**What the task requires**
Provide the number of lines below that include "subseteq", without any other words.

Records from a dataset:
lemma lc_functional_prod: "lc_functional (cart_V VG VH) (cart_E EG EH) c (prod_functional c \<psi>G \<psi>H)"
proof
  show "prod_functional c \<psi>G \<psi>H [] = 1"
    by (simp add: prod_functional_def G.empty_word H.empty_word)
qed (auto simp: cart_V_def intro: prod_sum_colours[unfolded cart_V_def] prod_orthogonal[unfolded cart_V_def]
    prod_adj_same_colour[unfolded cart_V_def] prod_adj_comm[unfolded cart_V_def])

end

lemma lc_functional_cart:
  "lc_functional VG EG c \<psi>G \<Longrightarrow> lc_functional VH EH c \<psi>H \<Longrightarrow>
    lc_functional (cart_V VG VH) (cart_E EG EH) c (prod_functional c \<psi>G \<psi>H)"
  by (intro lc_functional_pair.lc_functional_prod lc_functional_pair.intro)

section \<open>The chromatic number of a Cartesian product\<close>

lemma lc_functional_chi_lc:
  assumes "finite V" "\<And>v. \<not> E v v"
  shows "\<exists>\<psi>. lc_functional V E (chi_lc V E) \<psi>"
  using ex_lc_functional[OF assms] unfolding chi_lc_def lc_nonzero_iff_functional by (rule LeastI_ex)

lemma chi_lc_le: "lc_functional V E c \<psi> \<Longrightarrow> chi_lc V E \<le> c"
  unfolding chi_lc_def lc_nonzero_iff_functional by (rule Least_le) blast

theorem mainTheorem7:
  fixes VG :: "'a set" and EG :: "'a \<Rightarrow> 'a \<Rightarrow> bool"
    and VH :: "'b set" and EH :: "'b \<Rightarrow> 'b \<Rightarrow> bool"
  assumes "is_graph VG EG" and "is_graph VH EH"
    and "VG \<noteq> {}" and "VH \<noteq> {}"
  shows "chi_lc (cart_V VG VH) (cart_E EG EH) = max (chi_lc VG EG) (chi_lc VH EH)"
proof (rule antisym)
  let ?m = "max (chi_lc VG EG) (chi_lc VH EH)"
  obtain \<psi>G \<psi>H where "lc_functional VG EG (chi_lc VG EG) \<psi>G" "lc_functional VH EH (chi_lc VH EH) \<psi>H"
    using lc_functional_chi_lc assms(1,2) unfolding is_graph_def by metis
  then have "lc_functional VG EG ?m (\<lambda>t. if snd ` set t \<subseteq> {..<chi_lc VG EG} then \<psi>G t else 0)"
    and "lc_functional VH EH ?m (\<lambda>t. if snd ` set t \<subseteq> {..<chi_lc VH EH} then \<psi>H t else 0)"
    by (simp_all add: lc_functional_mono_colours)
  then show "chi_lc (cart_V VG VH) (cart_E EG EH) \<le> ?m"
    by (intro chi_lc_le[OF lc_functional_cart])
next
  let ?c = "chi_lc (cart_V VG VH) (cart_E EG EH)"
  have "\<exists>\<psi>. lc_functional (cart_V VG VH) (cart_E EG EH) ?c \<psi>"
    using assms(1,2) by (intro lc_functional_chi_lc) (auto simp: is_graph_def cart_V_def cart_E_def)
  then obtain \<psi> where \<psi>: "lc_functional (cart_V VG VH) (cart_E EG EH) ?c \<psi>" ..
  obtain g0 h0 where "g0 \<in> VG" "h0 \<in> VH" using assms(3,4) by blast
  have "lc_functional VG EG ?c (\<lambda>t. \<psi> (map (apfst (\<lambda>g. (g, h0))) t))"
    by (rule lc_functional_pullback[OF \<psi>]) (use \<open>h0 \<in> VH\<close> in \<open>auto simp: cart_V_def cart_E_def\<close>)
  moreover have "lc_functional VH EH ?c (\<lambda>t. \<psi> (map (apfst (Pair g0)) t))"
    by (rule lc_functional_pullback[OF \<psi>]) (use \<open>g0 \<in> VG\<close> in \<open>auto simp: cart_V_def cart_E_def\<close>)
  ultimately show "max (chi_lc VG EG) (chi_lc VH EH) \<le> ?c"
    by (auto dest: chi_lc_le)
qed

end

**Solution to this exercise**
2